If you read my full email, you'll see that my idea was to write an article listing ways in which a woman could spot a pick-up artist. If the tone seems a bit negative, it's because my experience with PUA Dave left me feeling a bit uneasy, and I felt that women should be armed with the knowledge I had to catch these guys out. This is before I met Logan or PUA Mr. Right or Rebel Leader or communicated with any of the cool pick-up artists that have since given me a positive impression of the scene. The thing is, I went on to blog about a lot of these techniques, anyway, like peacocking, but ended up realizing that most of these guys create positive and fun experiences for women. Very unlike the ultimately shady encounter I had with PUA Dave.
Speaking of PUA Dave, I received a handwritten note from him at work, the other day (I had given him my business card). It said:
I apologize for lying to you.
Apology accepted, Dave, though I still hope to avoid any future social situations with you.
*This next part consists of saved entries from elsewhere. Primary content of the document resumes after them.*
lemma lipschitz_gradient_upper_bound:
  fixes f :: "'a::euclidean_space \<Rightarrow> real"
  assumes grad: "\<And>x. (f has_derivative (\<lambda>h. grad_f x \<bullet> h)) (at x)"
    and lip: "\<And>x y. norm (grad_f x - grad_f y) \<le> L * norm (x - y)"
  shows "f y \<le> f x + grad_f x \<bullet> (y - x) + L / 2 * (norm (y - x))\<^sup>2"
proof -
  define d where "d = y - x"
  define \<psi> where "\<psi> t = f (x + t *\<^sub>R d) - t * (grad_f x \<bullet> d) - L / 2 * t\<^sup>2 * (norm d)\<^sup>2" for t
  have "\<psi> 1 \<le> \<psi> 0"
  proof (rule DERIV_nonpos_imp_nonincreasing[of 0 1])
    fix t :: real assume t: "0 \<le> t" "t \<le> 1"
    have D: "(\<psi> has_real_derivative
        (grad_f (x + t *\<^sub>R d) - grad_f x) \<bullet> d - L * t * (norm d)\<^sup>2) (at t)"
      unfolding \<psi>_def
      by (auto intro!: derivative_eq_intros has_real_derivative_along_line[OF grad]
          simp: power2_eq_square inner_diff_left)
    have "(grad_f (x + t *\<^sub>R d) - grad_f x) \<bullet> d \<le> norm (grad_f (x + t *\<^sub>R d) - grad_f x) * norm d"
      by (rule norm_cauchy_schwarz)
    also have "\<dots> \<le> L * norm (t *\<^sub>R d) * norm d"
      using lip[of "x + t *\<^sub>R d" x] by (simp add: mult_right_mono)
    also have "\<dots> = L * t * (norm d)\<^sup>2"
      using t by (simp add: power2_eq_square)
    finally show "\<exists>y. (\<psi> has_real_derivative y) (at t) \<and> y \<le> 0"
      using D by force
  qed simp
  then show ?thesis
    unfolding \<psi>_def d_def by (simp add: inner_commute)
qed

lemma lipschitz_gradient_lower_bound:
  fixes f :: "'a::euclidean_space \<Rightarrow> real"
  assumes grad: "\<And>x. (f has_derivative (\<lambda>h. grad_f x \<bullet> h)) (at x)"
    and lip: "\<And>x y. norm (grad_f x - grad_f y) \<le> L * norm (x - y)"
  shows "f x + grad_f x \<bullet> (y - x) - L / 2 * (norm (y - x))\<^sup>2 \<le> f y"
proof -
  have "((\<lambda>x. - f x) has_derivative (\<lambda>h. - grad_f x \<bullet> h)) (at x)" for x
    using has_derivative_minus[OF grad[of x]] by simp
  moreover have "norm (- grad_f x - - grad_f y) \<le> L * norm (x - y)" for x y
    using lip[of x y] by (simp add: norm_minus_commute)
  ultimately have "- f y \<le> - f x + - grad_f x \<bullet> (y - x) + L / 2 * (norm (y - x))\<^sup>2"
    by (rule lipschitz_gradient_upper_bound)
  then show ?thesis by simp
qed

lemma convex_on_gradient_inequality:
  fixes f :: "'a::euclidean_space \<Rightarrow> real"
  assumes grad: "\<And>x. (f has_derivative (\<lambda>h. grad_f x \<bullet> h)) (at x)"
    and cvx: "convex_on UNIV f"
  shows "f x + grad_f x \<bullet> (y - x) \<le> f y"
proof -
  define \<phi> where "\<phi> t = f (x + t *\<^sub>R (y - x))" for t
  have "convex_on UNIV \<phi>"
  proof (rule convex_onI)
    fix t u v :: real assume "0 < t" "t < 1"
    have "x + ((1 - t) * u + t * v) *\<^sub>R (y - x)
        = (1 - t) *\<^sub>R (x + u *\<^sub>R (y - x)) + t *\<^sub>R (x + v *\<^sub>R (y - x))"
      by (simp add: algebra_simps)
    then show "\<phi> ((1 - t) *\<^sub>R u + t *\<^sub>R v) \<le> (1 - t) * \<phi> u + t * \<phi> v"
      unfolding \<phi>_def using convex_onD[OF cvx, of t] \<open>0 < t\<close> \<open>t < 1\<close> by simp
  qed simp
  moreover have "(\<phi> has_real_derivative grad_f x \<bullet> (y - x)) (at 0)"
    unfolding \<phi>_def using has_real_derivative_along_line[OF grad, of x "y - x" 0] by simp
  ultimately have "(grad_f x \<bullet> (y - x)) * (1 - 0) \<le> \<phi> 1 - \<phi> 0"
    by (intro convex_on_imp_above_tangent) auto
  then show ?thesis
    unfolding \<phi>_def by simp
qed

lemma convex_lipschitz_gradient_lower_bound:
  fixes f :: "'a::euclidean_space \<Rightarrow> real"
  assumes grad: "\<And>x. (f has_derivative (\<lambda>h. grad_f x \<bullet> h)) (at x)"
    and lip: "\<And>x y. norm (grad_f x - grad_f y) \<le> L * norm (x - y)"
    and cvx: "convex_on UNIV f" and "0 < L"
  shows "f x + grad_f x \<bullet> (y - x) + (norm (grad_f y - grad_f x))\<^sup>2 / (2 * L) \<le> f y"
proof -
  define v where "v = grad_f y - grad_f x"
  define w where "w = y - (1 / L) *\<^sub>R v"
  have "f x + grad_f x \<bullet> (w - x) \<le> f w"
    by (rule convex_on_gradient_inequality[OF grad cvx])
  also have "f w \<le> f y + grad_f y \<bullet> (w - y) + L / 2 * (norm (w - y))\<^sup>2"
    by (rule lipschitz_gradient_upper_bound[OF grad lip])
  finally have "f x + grad_f x \<bullet> (y - x) + (grad_f y \<bullet> v - grad_f x \<bullet> v) / L
      - L / 2 * ((norm v)\<^sup>2 / L\<^sup>2) \<le> f y"
    unfolding w_def using \<open>0 < L\<close>
    by (simp add: inner_diff_right power_divide diff_divide_distrib algebra_simps)
  moreover have "grad_f y \<bullet> v - grad_f x \<bullet> v = (norm v)\<^sup>2"
    unfolding v_def by (simp add: power2_norm_eq_inner inner_diff_left inner_diff_right)
  then have "(grad_f y \<bullet> v - grad_f x \<bullet> v) / L - L / 2 * ((norm v)\<^sup>2 / L\<^sup>2)
      = (norm v)\<^sup>2 / (2 * L)"
    using \<open>0 < L\<close> by (simp add: field_simps power2_eq_square)
  ultimately show ?thesis
    unfolding v_def by linarith
qed

lemma convex_lipschitz_gradient_cocoercive:
  fixes f :: "'a::euclidean_space \<Rightarrow> real"
  assumes grad: "\<And>x. (f has_derivative (\<lambda>h. grad_f x \<bullet> h)) (at x)"
    and lip: "\<And>x y. norm (grad_f x - grad_f y) \<le> L * norm (x - y)"
    and cvx: "convex_on UNIV f" and "0 < L"
  shows "(norm (grad_f x - grad_f y))\<^sup>2 / L \<le> (grad_f x - grad_f y) \<bullet> (x - y)"
proof -
  have "f x + grad_f x \<bullet> (y - x) + (norm (grad_f y - grad_f x))\<^sup>2 / (2 * L) \<le> f y"
    and "f y + grad_f y \<bullet> (x - y) + (norm (grad_f x - grad_f y))\<^sup>2 / (2 * L) \<le> f x"
    by (rule convex_lipschitz_gradient_lower_bound[OF grad lip cvx \<open>0 < L\<close>])+
  moreover have "(grad_f x - grad_f y) \<bullet> (x - y) = - (grad_f x \<bullet> (y - x)) - grad_f y \<bullet> (x - y)"
    by (simp add: inner_diff_left inner_diff_right)
  ultimately show ?thesis
    by (simp add: norm_minus_commute field_simps)
qed

lemma convex_gradient_step_nonexpansive:
  fixes f :: "'a::euclidean_space \<Rightarrow> real"
  assumes grad: "\<And>x. (f has_derivative (\<lambda>h. grad_f x \<bullet> h)) (at x)"
    and lip: "\<And>x y. norm (grad_f x - grad_f y) \<le> L * norm (x - y)"
    and cvx: "convex_on UNIV f" and "0 < L" and "0 \<le> \<gamma>" "\<gamma> \<le> 2 / L"
  shows "norm ((x - \<gamma> *\<^sub>R grad_f x) - (y - \<gamma> *\<^sub>R grad_f y)) \<le> norm (x - y)"
proof -
  define u where "u = x - y"
  define v where "v = grad_f x - grad_f y"
  have "(norm (u - \<gamma> *\<^sub>R v))\<^sup>2 = (norm u)\<^sup>2 - 2 * \<gamma> * (v \<bullet> u) + \<gamma>\<^sup>2 * (norm v)\<^sup>2"
    unfolding power2_norm_eq_inner
    by (simp add: inner_diff_left inner_diff_right inner_commute power2_eq_square algebra_simps)
  also have "\<dots> \<le> (norm u)\<^sup>2 - \<gamma> * (2 / L - \<gamma>) * (norm v)\<^sup>2"
    using mult_left_mono[OF convex_lipschitz_gradient_cocoercive[OF grad lip cvx \<open>0 < L\<close>,
          of x y], of "2 * \<gamma>"] \<open>0 \<le> \<gamma>\<close>
    unfolding u_def v_def by (simp add: power2_eq_square algebra_simps)
  also have "\<dots> \<le> (norm u)\<^sup>2"
    using \<open>0 \<le> \<gamma>\<close> \<open>\<gamma> \<le> 2 / L\<close> by simp
  finally have "norm (u - \<gamma> *\<^sub>R v) \<le> norm u"
    by (rule power2_le_imp_le) simp
  then show ?thesis
    unfolding u_def v_def by (simp add: algebra_simps)
qed

lemma gradient_step_lipschitz:
  assumes lip: "\<And>x y. norm (grad_f x - grad_f y) \<le> L * norm (x - y)" and "0 \<le> \<gamma>"
  shows "norm ((x - \<gamma> *\<^sub>R grad_f x) - (y - \<gamma> *\<^sub>R grad_f y)) \<le> (1 + \<gamma> * L) * norm (x - y)"
proof -
  have "norm ((x - \<gamma> *\<^sub>R grad_f x) - (y - \<gamma> *\<^sub>R grad_f y))
      \<le> norm (x - y) + norm (\<gamma> *\<^sub>R (grad_f x - grad_f y))"
    using norm_triangle_ineq4[of "x - y" "\<gamma> *\<^sub>R (grad_f x - grad_f y)"]
    by (simp add: algebra_simps)
  also have "\<dots> \<le> norm (x - y) + \<gamma> * (L * norm (x - y))"
    using mult_left_mono[OF lip \<open>0 \<le> \<gamma>\<close>] \<open>0 \<le> \<gamma>\<close> by simp
  finally show ?thesis
    by (simp add: algebra_simps)
qed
Sorry, but you made me very uncomfortable.
Anyway, yes, I think The Village Voice stole my idea, and Doug Simmons is a liar for claiming I never pitched him the story, and at the very least somebody should have called me to make sure I didn't make up the whole PUA encounter (isn't there something called fact-checking?), but that's all I want to say about it for now. And no, I will not give any interviews where I have to reveal my real name.
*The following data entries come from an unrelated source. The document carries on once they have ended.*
lemma sum_abs_band_proj_le:
  fixes u :: "nat \<Rightarrow> 'a::banach_lattice" and \<phi> :: "('a \<Rightarrow>\<^sub>L real) \<Rightarrow>\<^sub>L real"
  assumes u: "\<And>k. 0 \<le> u k" and disjoint: "\<And>i j. i \<noteq> j \<Longrightarrow> inf (u i) (u j) = 0"
    and F: "finite F"
  shows "(\<Sum>k\<in>F. \<bar>\<phi> (band_proj (u k) h)\<bar>) \<le> 3 * norm \<phi> * norm h"
proof -
  define g where "g = (\<Sum>k\<in>F. sgn (\<phi> (band_proj (u k) h)) *\<^sub>R band_proj (u k) h)"
  have "\<phi> g = (\<Sum>k\<in>F. sgn (\<phi> (band_proj (u k) h)) * \<phi> (band_proj (u k) h))"
    unfolding g_def by (simp add: blinfun.sum_right blinfun.scaleR_right)
  also have "\<dots> = (\<Sum>k\<in>F. \<bar>\<phi> (band_proj (u k) h)\<bar>)"
    by (simp add: abs_sgn mult.commute)
  finally have "\<phi> g = (\<Sum>k\<in>F. \<bar>\<phi> (band_proj (u k) h)\<bar>)" .
  moreover have "norm g \<le> 3 * norm h"
  proof (rule norm_blinfun_bound)
    fix y
    have "norm (g y) \<le> (\<Sum>k\<in>F. \<bar>band_proj (u k) h y\<bar>)"
      unfolding g_def blinfun.sum_left blinfun.scaleR_left real_norm_def
      by (rule order_trans[OF sum_abs sum_mono]) (simp add: abs_mult abs_sgn_eq)
    also have "\<dots> \<le> (\<Sum>k\<in>F. band_sup (u k) (blinfun_abs h) (lmod y))"
      by (intro sum_mono abs_band_proj_le u)
    also have "\<dots> \<le> blinfun_abs h (lmod y)"
      using F u disjoint
      by (intro sum_band_sup_le positive_functional_blinfun_abs lmod_nonneg) auto
    also have "\<dots> \<le> 3 * norm h * norm y"
      using blinfun_abs_le[OF lmod_nonneg] by (simp add: norm_lmod)
    finally show "norm (g y) \<le> 3 * norm h * norm y" .
  qed simp
  then have "\<phi> g \<le> norm \<phi> * (3 * norm h)"
    using norm_blinfun[of \<phi> g] mult_left_mono[of "norm g" "3 * norm h" "norm \<phi>"] by simp
  ultimately show ?thesis by simp
qed

section \<open>A gliding hump lemma\<close>

lemma eventually_abs_le_if_tendsto_zero:
  fixes g :: "nat \<Rightarrow> real"
  assumes "g \<longlonglongrightarrow> 0" "0 < e"
  shows "\<forall>\<^sub>F k in sequentially. \<bar>g k\<bar> \<le> e"
  using tendstoD[OF assms] by eventually_elim simp
(*
  A lexicographic rule obtains C(S,q) from C(S,q-1) by adding the p_q-best alternative among
  those whose addition keeps the set feasible.  Hence it is monotone and capacity-filling, and
  any pair revealed at capacity q is strictly ordered by p_q, so R_q is acyclic.

  Conversely, extend each acyclic R_q to a linear order p_q and show C(S,q) = lex_seq p F S q
  by induction on q.  Monotonicity makes everything newly chosen at q a feasible addition.  If
  there is a feasible addition, capacity filling gives |C(S,q-1)| = q-1, and the p_q-best
  feasible addition a must be chosen: otherwise either nothing new is chosen, contradicting
  capacity filling, or some new x is chosen, so x R_q a, contradicting the choice of a.
  Counting then gives C(S,q) = C(S,q-1) \<union> {a}.
*)
theory Submission
  imports Defs
begin

section \<open>Priority orderings and the lexicographic procedure\<close>

lemma linear_order_on_finite_top:
  assumes "linear_order_on A r" "finite T" "T \<noteq> {}" "T \<subseteq> A"
  shows "\<exists>!a. a \<in> T \<and> (\<forall>b\<in>T. (a, b) \<in> r)"
proof -
  have refl: "refl_on A r" and total: "total_on A r" and anti: "antisym r"
    using assms(1) unfolding order_on_defs by auto
  have "acyclic (Restr (r - Id) T)"
    by (rule acyclic_subset[OF linear_order_on_acyclic[OF assms(1)]]) blast
  moreover have "finite (Restr (r - Id) T)"
    by (intro finite_Int disjI2 finite_cartesian_product assms(2))
  ultimately have "wf (Restr (r - Id) T)"
    by (rule finite_acyclic_wf[rotated])
  then obtain a where a: "a \<in> T" and minimal: "\<And>b. (b, a) \<in> Restr (r - Id) T \<Longrightarrow> b \<notin> T"
    using wfE_min'[OF _ assms(3)] by metis
  have top: "(a, b) \<in> r" if "b \<in> T" for b
  proof (cases "b = a")
    case True
    with refl a assms(4) show ?thesis by (auto simp: refl_on_def)
  next
    case False
    with minimal[of b] that a have "(b, a) \<notin> r" by auto
    with total False that a assms(4) show ?thesis unfolding total_on_def by blast
  qed
  have "c = a" if "c \<in> T" "\<forall>b\<in>T. (c, b) \<in> r" for c
    using that a top anti by (auto dest: antisymD)
  with a top show ?thesis by blast
qed

lemma top_elem:
  assumes "linear_order_on A r" "finite T" "T \<noteq> {}" "T \<subseteq> A"
  shows "top_elem r T \<in> T" and "\<forall>b\<in>T. (top_elem r T, b) \<in> r"
  using theI'[OF linear_order_on_finite_top[OF assms]] unfolding top_elem_def by blast+

definition feasible_additions :: "'a set set \<Rightarrow> 'a set \<Rightarrow> 'a set \<Rightarrow> 'a set" where
  "feasible_additions F S T = {a \<in> S - T. insert a T \<in> F}"

lemma lex_seq_Suc:
  "lex_seq p F S (Suc k) =
     (let T = lex_seq p F S k
      in if feasible_additions F S T = {} then T
         else insert (top_elem (p (Suc k)) (feasible_additions F S T)) T)"
  unfolding feasible_additions_def by (simp only: lex_seq.simps Let_def)

declare lex_seq.simps(2) [simp del]

lemma lex_seq_Suc_no_addition:
  "feasible_additions F S (lex_seq p F S k) = {} \<Longrightarrow> lex_seq p F S (Suc k) = lex_seq p F S k"
  by (simp add: lex_seq_Suc Let_def)

lemma lex_seq_Suc_top:
  assumes "linear_order_on A (p (Suc k))" "finite S" "S \<subseteq> A"
    and "feasible_additions F S (lex_seq p F S k) \<noteq> {}"
  obtains a where "a \<in> feasible_additions F S (lex_seq p F S k)"
    and "\<forall>b\<in>feasible_additions F S (lex_seq p F S k). (a, b) \<in> p (Suc k)"
    and "lex_seq p F S (Suc k) = insert a (lex_seq p F S k)"
proof -
  let ?X = "feasible_additions F S (lex_seq p F S k)"
  have "finite ?X" "?X \<subseteq> A"
    using assms(2,3) by (auto simp: feasible_additions_def)
  note top = top_elem[OF assms(1) this(1) assms(4) this(2)]
  show ?thesis
    by (rule that[OF top]) (use assms(4) in \<open>simp add: lex_seq_Suc Let_def\<close>)
qed

lemma lex_seq_subset_Suc: "lex_seq p F S k \<subseteq> lex_seq p F S (Suc k)"
  by (auto simp: lex_seq_Suc Let_def)

lemma finite_lex_seq: "finite (lex_seq p F S k)"
  by (induction k) (auto simp: lex_seq_Suc Let_def)

lemma lex_seq_capacity_filling:
  assumes "finite S" "S \<subseteq> A" "\<forall>k\<in>{1..q}. linear_order_on A (p k)"
  shows "card (lex_seq p F S q) = q \<or> feasible_additions F S (lex_seq p F S q) = {}"
  using assms(3)
proof (induction q)
  case 0
  then show ?case by simp
next
  case (Suc k)
  let ?T = "lex_seq p F S k"
  show ?case
  proof (cases "feasible_additions F S ?T = {}")
    case True
    then show ?thesis by (simp add: lex_seq_Suc_no_addition)
  next
    case False
    have "linear_order_on A (p (Suc k))"
      using Suc.prems by simp
    then obtain a where "a \<in> feasible_additions F S ?T" "lex_seq p F S (Suc k) = insert a ?T"
      using lex_seq_Suc_top[OF _ assms(1,2) False] by metis
    moreover have "card ?T = k"
      using Suc False by auto
    ultimately show ?thesis
      by (simp add: finite_lex_seq feasible_additions_def)
  qed
qed

section \<open>Lexicographic rules satisfy the axioms\<close>

definition lex_rationalizes ::
    "'a set \<Rightarrow> 'a set set \<Rightarrow> (nat \<Rightarrow> 'a rel) \<Rightarrow> ('a set \<Rightarrow> nat \<Rightarrow> 'a set) \<Rightarrow> bool" where
  "lex_rationalizes A F p C \<longleftrightarrow>
     (\<forall>k\<in>{1..card A}. linear_order_on A (p k)) \<and>
     (\<forall>S q. S \<noteq> {} \<and> S \<subseteq> A \<and> 1 \<le> q \<and> q \<le> card A \<longrightarrow> C S q = lex_seq p F S q)"

lemma lexicographic_iff_lex_rationalizes:
  "lexicographic A F C \<longleftrightarrow> (\<exists>p. lex_rationalizes A F p C)"
  by (simp add: lexicographic_def lex_rationalizes_def)

lemma lex_rationalizesD:
  assumes "lex_rationalizes A F p C"
  shows "k \<in> {1..card A} \<Longrightarrow> linear_order_on A (p k)"
    and "S \<noteq> {} \<Longrightarrow> S \<subseteq> A \<Longrightarrow> 1 \<le> q \<Longrightarrow> q \<le> card A \<Longrightarrow> C S q = lex_seq p F S q"
  using assms by (simp_all add: lex_rationalizes_def)

lemma lex_rationalizes_Cz:
  assumes "lex_rationalizes A F p C" "S \<noteq> {}" "S \<subseteq> A" "q \<le> card A"
  shows "Cz C S q = lex_seq p F S q"
  using assms by (cases q) (simp_all add: Cz_def lex_rationalizesD)

lemma lex_rationalizes_capacity_filling:
  assumes "finite A" "lex_rationalizes A F p C"
  shows "capacity_filling A F C"
  unfolding capacity_filling_def
proof (intro allI impI)
  fix S q a
  assume h: "S \<noteq> {} \<and> S \<subseteq> A \<and> 1 \<le> q \<and> q \<le> card A \<and> a \<in> S \<and> a \<notin> C S q"
  then have "finite S"
    using assms(1) finite_subset by blast
  moreover have "\<forall>k\<in>{1..q}. linear_order_on A (p k)"
    using h lex_rationalizesD(1)[OF assms(2)] by simp
  ultimately have "card (lex_seq p F S q) = q \<or> feasible_additions F S (lex_seq p F S q) = {}"
    using h lex_seq_capacity_filling by blast
  moreover have "C S q = lex_seq p F S q"
    using h lex_rationalizesD(2)[OF assms(2)] by simp
  ultimately show "card (C S q) = q \<or> insert a (C S q) \<notin> F"
    using h by (auto simp: feasible_additions_def)
qed

lemma lex_rationalizes_monotone:
  assumes "lex_rationalizes A F p C"
  shows "monotone_rule A C"
  unfolding monotone_rule_def
proof (intro allI impI)
  fix S q
  assume "S \<noteq> {} \<and> S \<subseteq> A \<and> 1 \<le> q \<and> q \<le> card A - 1"
  then have "S \<noteq> {}" "S \<subseteq> A" "1 \<le> q" "q + 1 \<le> card A"
    by auto
  then have "C S q = lex_seq p F S q" "C S (q + 1) = lex_seq p F S (Suc q)"
    by (simp_all add: lex_rationalizesD(2)[OF assms])
  then show "C S q \<subseteq> C S (q + 1)"
    using lex_seq_subset_Suc by simp
qed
Now can I talk about the latest in my dating world? Yes? Yes.
I had a date with Clive Owenish on Wednesday. In person, he was hot, and looked so much like Clive Owen I couldn't believe it. I wanted to put a tux on this guy and act out all my Croupier fantasies. Instead we went to dinner.
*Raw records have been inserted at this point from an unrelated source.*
lemma stage_outcomes_Cons:
  "stage_outcomes n (m # s) = (\<lambda>(S, Ss). S # Ss) ` (subsets_of_card {1..n} m \<times> stage_outcomes n s)"
proof (intro set_eqI iffI)
  fix Ss assume Ss: "Ss \<in> stage_outcomes n (m # s)"
  then obtain S Ss' where Ss_eq: "Ss = S # Ss'"
    by (cases Ss) (auto simp: stage_outcomes_def)
  have "S \<in> subsets_of_card {1..n} m"
    using Ss unfolding Ss_eq stage_outcomes_def subsets_of_card_def by force
  moreover have "Ss' \<in> stage_outcomes n s"
    using Ss unfolding Ss_eq stage_outcomes_def by force
  ultimately show "Ss \<in> (\<lambda>(S, Ss). S # Ss) ` (subsets_of_card {1..n} m \<times> stage_outcomes n s)"
    unfolding Ss_eq by blast
next
  fix Ss assume "Ss \<in> (\<lambda>(S, Ss). S # Ss) ` (subsets_of_card {1..n} m \<times> stage_outcomes n s)"
  then obtain S Ss' where "Ss = S # Ss'" "S \<in> subsets_of_card {1..n} m" "Ss' \<in> stage_outcomes n s"
    by auto
  then show "Ss \<in> stage_outcomes n (m # s)"
    by (fastforce simp: stage_outcomes_def subsets_of_card_def less_Suc_eq_0_disj)
qed

lemma sum_stage_outcomes_prod:
  "(\<Sum>Ss\<in>stage_outcomes n s. \<Prod>r<length s. G r (Ss ! r)) =
   (\<Prod>r<length s. \<Sum>S\<in>subsets_of_card {1..n} (s ! r). (G r S :: real))"
proof (induction s arbitrary: G)
  case Nil
  then show ?case by (simp add: stage_outcomes_Nil)
next
  case (Cons m s)
  have inj: "inj_on (\<lambda>(S, Ss). S # Ss) (subsets_of_card {1..n} m \<times> stage_outcomes n s)"
    by (auto simp: inj_on_def)
  have "(\<Sum>Ss\<in>stage_outcomes n (m # s). \<Prod>r<length (m # s). G r (Ss ! r))
      = (\<Sum>S\<in>subsets_of_card {1..n} m. \<Sum>Ss\<in>stage_outcomes n s. G 0 S * (\<Prod>r<length s. G (Suc r) (Ss ! r)))"
    unfolding stage_outcomes_Cons sum.reindex[OF inj] sum.cartesian_product
    by (simp add: case_prod_beta prod.lessThan_Suc_shift del: prod.lessThan_Suc)
  also have "\<dots> = (\<Sum>S\<in>subsets_of_card {1..n} m. G 0 S) * (\<Prod>r<length s. \<Sum>S\<in>subsets_of_card {1..n} (s ! r). G (Suc r) S)"
    by (simp only: sum_product Cons.IH[of "\<lambda>r. G (Suc r)", symmetric])
  finally show ?case
    by (simp add: prod.lessThan_Suc_shift del: prod.lessThan_Suc)
qed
We weren't through the appetizer before he started talking about his divorce. Very bitterly. Oh boy. Wife cheated on him with friend, horrible, horrible circumstances. He's been divorced less than six months, so the bad feelings are justified, but must they be brought up over a lovely dinner, while on a date? Did I sigh yet? Sigh.
Apart from being on the rebound and harboring such resentment from the divorce, he was an intelligent guy. At one point in the conversation he said,
"My father had a secret life, and had a girlfriend while married. My wife had a secret life. Why does everyone feel the need to have a secret life??"
That's when I really knew there would be no second date.
However, there will be a third date, with Arty Adam, tonight! It will be so great to spend an evening with a man whose company I know I enjoy. The tricky thing will be when he asks how my week has been. I wish I could answer,
"Well, I've become peripherally involved in a newspaper scandal that's now getting nationwide coverage, but other than that, same old same old."
Yet something tells me I'll have to stick to talking about my busy week at work.